El Sistema for Dummies?

Wouldn't it be great to have a book, El Sistema for Dummies: a practical, step-by-step approach to development in the United States? If this book were to be published, wouldn't it create a more accessible way to further the El Sistema movement in the U.S.? Though this seems like a promising idea, the answer is emphatically No. To be sure, senior leaders in El Sistema USA, past and current Abreu Fellows, and others who have independently studied El Sistema, are working to create resources and literature that can help inform all who are interested. Furthermore, a forthcoming book by Tricia Tunstall and documentary by Jamie Bernstein will become invaluable resources for El Sistema USA.

However, to publish a Dummies book, or a handy step-by-step manual would belittle an incredible system that has been growing and evolving for over 30 years. I can think of three big problems with such a publication:

1. Every El Sistema inspired program in the U.S. will look, feel, and sound different based on myriad factors including community characteristics and demographics, leadership and partnering organizations, funding sources, and so on.

2. By the time the book would be written, it would be immediately outdated. El Sistema in Venezuela and in the U.S. is constantly adapting and evolving to better serve its mission of social justice through musical excellence.

3. A rigid, top-down approach will never translate into a successful U.S. nucleo. Instead, there must be a careful combination of organizational fluidity with a top-to-bottom commitment to mission, core values, goals, and pedagogy.
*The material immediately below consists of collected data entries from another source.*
lemma Lq_norm_weighted_le:
  "Lq_norm p {0<..<t} (\<lambda>s. (t - s) powr (-a) *\<^sub>R \<Phi> s)
    \<le> ennreal (m * (t powr (1 - a * p) / (1 - a * p)) powr (1/p))"
proof -
  have "a * p * 1 \<le> a * p * r" using a p r by (intro mult_left_mono) auto
  then have ap: "a * p < 1" using r by simp
  have "(\<integral>\<^sup>+ s\<in>{0<..<t}. ennreal (norm ((t - s) powr (-a) *\<^sub>R \<Phi> s) powr p) \<partial>lebesgue)
      \<le> (\<integral>\<^sup>+ s. ennreal (m powr p) * (ennreal ((t - s) powr (-(a * p))) * indicator {0<..<t} s) \<partial>lebesgue)"
  proof (rule nn_integral_mono_AE)
    show "AE s in lebesgue. ennreal (norm ((t - s) powr (-a) *\<^sub>R \<Phi> s) powr p) * indicator {0<..<t} s
        \<le> ennreal (m powr p) * (ennreal ((t - s) powr (-(a * p))) * indicator {0<..<t} s)"
      using m(2)
    proof eventually_elim
      case (elim s)
      show ?case
      proof (cases "s \<in> {0<..<t}")
        case True
        then have "norm (\<Phi> s) \<le> m" using elim t by auto
        then have "norm ((t - s) powr (-a) *\<^sub>R \<Phi> s) powr p \<le> ((t - s) powr (-a) * m) powr p"
          using p by (auto intro!: powr_mono2 mult_left_mono)
        also have "\<dots> = m powr p * (t - s) powr (-(a * p))"
          using m by (simp add: powr_mult powr_powr mult.commute)
        finally show ?thesis using True
          by (simp add: ennreal_mult[symmetric] ennreal_leI del: ennreal_mult)
      qed simp
    qed
  qed
  also have "\<dots> = ennreal (m powr p) * (\<integral>\<^sup>+ s. ennreal ((t - s) powr (-(a * p))) * indicator {0<..<t} s \<partial>lebesgue)"
    by (rule nn_integral_cmult) (intro measurable_completion, simp)
  also have "\<dots> \<le> ennreal (m powr p) * ennreal (t powr (1 - a * p) / (1 - a * p))"
    using ap a p t by (intro mult_left_mono nn_integral_reflected_powr_neg_le) auto
  also have "\<dots> = ennreal (m powr p * (t powr (1 - a * p) / (1 - a * p)))"
    using ap by (simp add: ennreal_mult[symmetric] del: ennreal_mult)
  finally have "Lq_norm p {0<..<t} (\<lambda>s. (t - s) powr (-a) *\<^sub>R \<Phi> s)
      \<le> enn_powr (ennreal (m powr p * (t powr (1 - a * p) / (1 - a * p)))) (1/p)"
    unfolding Lq_norm_def using p by (intro enn_powr_mono) auto
  also have "\<dots> = ennreal (m * (t powr (1 - a * p) / (1 - a * p)) powr (1/p))"
  proof -
    define Q where "Q = t powr (1 - a * p) / (1 - a * p)"
    have "0 \<le> Q" using ap by (simp add: Q_def)
    then have "enn_powr (ennreal (m powr p * Q)) (1/p) = ennreal (m * Q powr (1/p))"
      using m p by (simp add: enn_powr_ennreal powr_mult powr_powr)
    then show ?thesis by (simp only: Q_def)
  qed
  finally show ?thesis .
qed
Along these lines, I want to briefly address a question that Eric Booth posed in one of his sessions this past Tuesday. What is the VERB for the El Sistema-related work we are doing in the U.S.? To put it a more Mad Libian kind of way, one of our primary goals is to (verb) El Sistema in the USA. There seems to be a sense that we have yet to come up with just the right verb to properly describe the goal of so many practitioners. Here are a handful that have been suggested, have been used in various publications, and that I have just come up with off the top of my head:

create, reflect, distill, imitate, translate, adapt, build, transcribe, develop, emulate...

I don't know that it is necessary to decide on one, and only one, verb to use, but it certainly exemplifies the difficulty inherent in any attempt to write El Sistema for Dummies. Every day we learn something new, something more, as long as we are willing to learn and be open to new and different ideas. While print and online resources are immensely useful and important to our work, I don't believe there is a direct path to El Sistema in the U.S. This reality is not a hindrance but, to borrow from Ben Zander, an opportunity to revel in the art of possibility.